__Work to complete__
Pick out each line below containing "allE".

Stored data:
BEGIN

(* Let $X$ be an admissible complete CAT(1) space and $T\colon X\to X$ a firmly vicinal mapping. If $\mathrm{Fix}(T)$ is nonempty, then for each $x\in X$ the sequence $\{T^nx\}$ is $\Delta$-convergent to an element of $\mathrm{Fix}(T)$.
   Context: A CAT(1) space is a $\pi$-geodesic metric space in which every geodesic triangle of perimeter $<2\pi$ satisfies the CAT(1) comparison inequality relative to comparison triangles in the unit sphere $\mathbb S^2$; it is admissible if $d(v,v')<\pi/2$ for all $v,v'$. The asymptotic center of $\{x_n\}$ is $\mathrm{AC}(\{x_n\})=\{z:\limsup_n d(x_n,z)=\inf_{y}\limsup_n d(x_n,y)\}$; $\{x_n\}$ is $\Delta$-convergent to $p$ if $\mathrm{AC}(\{x_{n_i}\})=\{p\}$ for every subsequence $\{x_{n_i}\}$. With $C_z=\cos d(Tz,z)$, $T$ is firmly vicinal if for all $x,y\in X$: $\bigl(C_x^2(1+C_y^2)C_y+C_y^2(1+C_x^2)C_x\bigr)\cos d(Tx,Ty)\ge C_x^2(1+C_y^2)\cos d(Tx,y)+C_y^2(1+C_x^2)\cos d(Ty,x)$. *)

theory Defs
  imports "HOL-Analysis.Analysis"
begin

definition S2 :: "(real^3) set" where
  "S2 = {u. norm u = 1}"

definition sdist :: "real^3 \<Rightarrow> real^3 \<Rightarrow> real" where
  "sdist u v = arccos (u \<bullet> v)"

definition geodesic_in :: "'a::metric_space set \<Rightarrow> (real \<Rightarrow> 'a) \<Rightarrow> 'a \<Rightarrow> 'a \<Rightarrow> bool" where
  "geodesic_in X g x y \<longleftrightarrow>
     g 0 = x \<and> g (dist x y) = y \<and> (\<forall>s\<in>{0..dist x y}. g s \<in> X) \<and>
     (\<forall>s\<in>{0..dist x y}. \<forall>t\<in>{0..dist x y}. dist (g s) (g t) = \<bar>s - t\<bar>)"

definition pi_geodesic :: "'a::metric_space set \<Rightarrow> bool" where
  "pi_geodesic X \<longleftrightarrow> (\<forall>x\<in>X. \<forall>y\<in>X. dist x y < pi \<longrightarrow> (\<exists>g. geodesic_in X g x y))"

definition comp_point :: "real^3 \<Rightarrow> real^3 \<Rightarrow> real \<Rightarrow> real^3 \<Rightarrow> bool" where
  "comp_point u' v' t p' \<longleftrightarrow> p' \<in> S2 \<and> sdist u' p' = t \<and> sdist p' v' = sdist u' v' - t"

definition cat1_inequality :: "'a::metric_space set \<Rightarrow> bool" where
  "cat1_inequality X \<longleftrightarrow>
    (\<forall>a b c gab gbc gca.
       a \<in> X \<and> b \<in> X \<and> c \<in> X \<and>
       geodesic_in X gab a b \<and> geodesic_in X gbc b c \<and> geodesic_in X gca c a \<and>
       dist a b + dist b c + dist c a < 2 * pi \<longrightarrow>
       (\<forall>a' b' c'. a' \<in> S2 \<and> b' \<in> S2 \<and> c' \<in> S2 \<and>
          sdist a' b' = dist a b \<and> sdist b' c' = dist b c \<and> sdist c' a' = dist c a \<longrightarrow>
          (let sides = {(gab, a', b', dist a b), (gbc, b', c', dist b c), (gca, c', a', dist c a)}
           in \<forall>(g, u', v', l) \<in> sides. \<forall>(h, w', z', m) \<in> sides.
                \<forall>s\<in>{0..l}. \<forall>t\<in>{0..m}. \<forall>p' q'.
                  comp_point u' v' s p' \<and> comp_point w' z' t q' \<longrightarrow>
                  dist (g s) (h t) \<le> sdist p' q')))"

definition CAT1 :: "'a::metric_space set \<Rightarrow> bool" where
  "CAT1 X \<longleftrightarrow> pi_geodesic X \<and> cat1_inequality X"

definition admissible :: "'a::metric_space set \<Rightarrow> bool" where
  "admissible X \<longleftrightarrow> (\<forall>v\<in>X. \<forall>v'\<in>X. dist v v' < pi / 2)"

definition asymptotic_center :: "'a::metric_space set \<Rightarrow> (nat \<Rightarrow> 'a) \<Rightarrow> 'a set" where
  "asymptotic_center X xs =
     {z \<in> X. limsup (\<lambda>n. ereal (dist (xs n) z)) =
             (INF y\<in>X. limsup (\<lambda>n. ereal (dist (xs n) y)))}"

definition Delta_convergent :: "'a::metric_space set \<Rightarrow> (nat \<Rightarrow> 'a) \<Rightarrow> 'a \<Rightarrow> bool" where
  "Delta_convergent X xs p \<longleftrightarrow>
     (\<forall>r::nat \<Rightarrow> nat. strict_mono r \<longrightarrow> asymptotic_center X (xs \<circ> r) = {p})"

definition firmly_vicinal :: "'a::metric_space set \<Rightarrow> ('a \<Rightarrow> 'a) \<Rightarrow> bool" where
  "firmly_vicinal X T \<longleftrightarrow>
    (\<forall>x\<in>X. \<forall>y\<in>X.
      (let Cx = cos (dist (T x) x); Cy = cos (dist (T y) y) in
        (Cx^2 * (1 + Cy^2) * Cy + Cy^2 * (1 + Cx^2) * Cx) * cos (dist (T x) (T y))
        \<ge> Cx^2 * (1 + Cy^2) * cos (dist (T x) y) + Cy^2 * (1 + Cx^2) * cos (dist (T y) x)))"

definition Fix :: "'a set \<Rightarrow> ('a \<Rightarrow> 'a) \<Rightarrow> 'a set" where
  "Fix X T = {z \<in> X. T z = z}"

end

theory Submission
  imports Defs
begin

text \<open>The asymptotic radius \<open>r(z) = limsup d(x\<^sub>n, z)\<close> of a sequence in an admissible CAT(1)
  space inherits from spherical comparison triangles the midpoint inequality
  \<open>cos r(u) + cos r(v) \<le> 2 cos (d(u,v)/2) cos r(m)\<close>. Hence almost-minimisers of \<open>r\<close> form a
  Cauchy sequence, and in a complete space every sequence with \<open>r < \<pi>/2\<close> somewhere has a
  unique asymptotic center.

  For a firmly vicinal \<open>T\<close> and a fixed point \<open>q\<close>, the defining inequality reduces to
  \<open>cos d(x,q) \<le> cos d(Tx,x) cos d(Tx,q)\<close>: the orbit is Fejer monotone with respect to
  \<open>Fix T\<close> and asymptotically regular. If \<open>z\<close> is the asymptotic center of a subsequence, the
  defining inequality at \<open>(x\<^sub>n, z)\<close> together with \<open>d(Tx\<^sub>n, x\<^sub>n) \<rightarrow> 0\<close> gives
  \<open>r(Tz) \<le> r(z)\<close>, so \<open>z\<close> is fixed. Finally \<open>r(p) = lim d(x\<^sub>n, p)\<close>
  does not depend on the subsequence for fixed \<open>p\<close>, which forces all these centers to
  coincide.\<close>

section \<open>Spherical comparison and the CAT(1) midpoint inequality\<close>

lemma inner_vector_3:
  "(vector [a, b, c] :: real^3) \<bullet> vector [d, e, f] = a * d + b * e + c * f"
  by (simp add: inner_vec_def sum_3 vector_3)

lemma S2_iff_inner_self: "(u::real^3) \<in> S2 \<longleftrightarrow> u \<bullet> u = 1"
  by (simp add: S2_def norm_eq_sqrt_inner)

lemma spherical_law_of_cosines_angle_exists:
  fixes d b c :: real
  assumes "0 \<le> d" "0 \<le> b" "d + b \<le> pi" "\<bar>d - b\<bar> \<le> c" "c \<le> d + b"
  shows "\<exists>k. -1 \<le> k \<and> k \<le> 1 \<and> cos c = cos d * cos b + sin d * sin b * k"
proof (cases "d = 0 \<or> b = 0")
  case True
  then have "c = d + b" using assms by auto
  with True show ?thesis by (intro exI[of _ 0]) auto
next
  case False
  have "sin d > 0" "sin b > 0" using False assms by (auto intro: sin_gt_zero)
  then have sin_pos: "sin d * sin b > 0" by simp
  define k where "k = (cos c - cos d * cos b) / (sin d * sin b)"
  have eq: "cos c = cos d * cos b + sin d * sin b * k"
    using \<open>sin d > 0\<close> \<open>sin b > 0\<close> by (simp add: k_def field_simps)
  have "cos (d + b) \<le> cos c" using assms by (intro cos_monotone_0_pi_le) auto
  then have "sin d * sin b * (-1) \<le> sin d * sin b * k" using eq by (simp add: cos_add)
  then have "-1 \<le> k" using sin_pos by (simp only: mult_le_cancel_left_pos)
  moreover have "cos c \<le> cos \<bar>d - b\<bar>" using assms by (intro cos_monotone_0_pi_le) auto
  then have "sin d * sin b * k \<le> sin d * sin b * 1" using eq by (simp add: cos_diff cos_abs_real)
  then have "k \<le> 1" using sin_pos by (simp only: mult_le_cancel_left_pos)
  ultimately show ?thesis using eq by blast
qed

lemma sdist_eqI: "0 \<le> t \<Longrightarrow> t \<le> pi \<Longrightarrow> u \<bullet> v = cos t \<Longrightarrow> sdist u v = t"
  by (simp add: sdist_def arccos_cos)

text \<open>The comparison triangle is placed with vertices
  \<open>a' = e\<^sub>1\<close> and \<open>b'\<close> on the equator, and \<open>c'\<close> at angle \<open>arccos k\<close> from the equatorial plane
  at \<open>a'\<close>; the midpoint identity is then the half-angle formula.\<close>

lemma spherical_triangle_with_midpoint:
  fixes d b c :: real
  assumes "0 \<le> d" "0 \<le> b" "d + b \<le> pi" "\<bar>d - b\<bar> \<le> c" "c \<le> d + b"
  shows "\<exists>a' b' c' p'. a' \<in> S2 \<and> b' \<in> S2 \<and> c' \<in> S2 \<and>
           sdist a' b' = d \<and> sdist b' c' = c \<and> sdist c' a' = b \<and>
           comp_point a' b' (d/2) p' \<and> cos b + cos c = 2 * cos (d/2) * (p' \<bullet> c')"
proof -
  obtain k where k: "-1 \<le> k" "k \<le> 1" "cos c = cos d * cos b + sin d * sin b * k"
    using spherical_law_of_cosines_angle_exists[OF assms] by blast
  define a' :: "real^3" where "a' = vector [1, 0, 0]"
  define b' :: "real^3" where "b' = vector [cos d, sin d, 0]"
  define p' :: "real^3" where "p' = vector [cos (d/2), sin (d/2), 0]"
  define c' :: "real^3" where "c' = vector [cos b, sin b * k, sin b * sqrt (1 - k\<^sup>2)]"
  have "c' \<bullet> c' = (cos b)\<^sup>2 + (sin b)\<^sup>2 * (k\<^sup>2 + sqrt (1 - k\<^sup>2) ^ 2)"
    by (simp add: c'_def inner_vector_3 power2_eq_square algebra_simps)
  also have "\<dots> = 1" using k by (simp add: abs_square_le_1)
  finally have "c' \<bullet> c' = 1" .
  then have S2: "a' \<in> S2" "b' \<in> S2" "p' \<in> S2" "c' \<in> S2"
    by (simp_all add: S2_iff_inner_self a'_def b'_def p'_def inner_vector_3
        power2_eq_square[symmetric])
  have "p' \<bullet> b' = cos d * cos (d/2) + sin d * sin (d/2)"
    by (simp add: p'_def b'_def inner_vector_3 mult.commute)
  also have "\<dots> = cos (d/2)" using cos_diff[of d "d/2"] by simp
  finally have "sdist p' b' = d/2" using assms by (intro sdist_eqI) auto
  moreover have "sdist a' p' = d/2"
    using assms by (intro sdist_eqI) (auto simp: a'_def p'_def inner_vector_3)
  moreover have sides: "sdist a' b' = d" "sdist c' a' = b" "sdist b' c' = c"
    using assms k(3) by (auto intro!: sdist_eqI simp: a'_def b'_def c'_def inner_vector_3)
  ultimately have "comp_point a' b' (d/2) p'" using S2 by (simp add: comp_point_def)
  moreover have "2 * cos (d/2) * (p' \<bullet> c') = (1 + cos d) * cos b + sin d * sin b * k"
    using cos_double_cos[of "d/2"] sin_double[of "d/2"]
    by (simp add: p'_def c'_def inner_vector_3 power2_eq_square algebra_simps)
  ultimately show ?thesis using S2 sides k(3)
    by (intro exI[of _ a'] exI[of _ b'] exI[of _ c'] exI[of _ p']) (simp add: algebra_simps)
qed

lemma cat1_dist_side_point_vertex:
  assumes "cat1_inequality X" "a \<in> X" "b \<in> X" "c \<in> X"
    and "geodesic_in X gab a b" "geodesic_in X gbc b c" "geodesic_in X gca c a"
    and "dist a b + dist b c + dist c a < 2 * pi"
    and "a' \<in> S2" "b' \<in> S2" "c' \<in> S2"
    and "sdist a' b' = dist a b" "sdist b' c' = dist b c" "sdist c' a' = dist c a"
    and "s \<in> {0..dist a b}" "comp_point a' b' s p'"
  shows "dist (gab s) c \<le> sdist p' c'"
proof -
  have "comp_point c' a' 0 c'" "gca 0 = c"
    using assms by (auto simp: comp_point_def sdist_def S2_iff_inner_self geodesic_in_def)
  with assms show ?thesis
    unfolding cat1_inequality_def Let_def
    by (elim allE[of _ a] allE[of _ b] allE[of _ c] allE[of _ gab] allE[of _ gbc] allE[of _ gca]
        allE[of _ a'] allE[of _ b'] allE[of _ c']) fastforce
qed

END

__Solution for this task__
    by (elim allE[of _ a] allE[of _ b] allE[of _ c] allE[of _ gab] allE[of _ gbc] allE[of _ gca]
        allE[of _ a'] allE[of _ b'] allE[of _ c']) fastforce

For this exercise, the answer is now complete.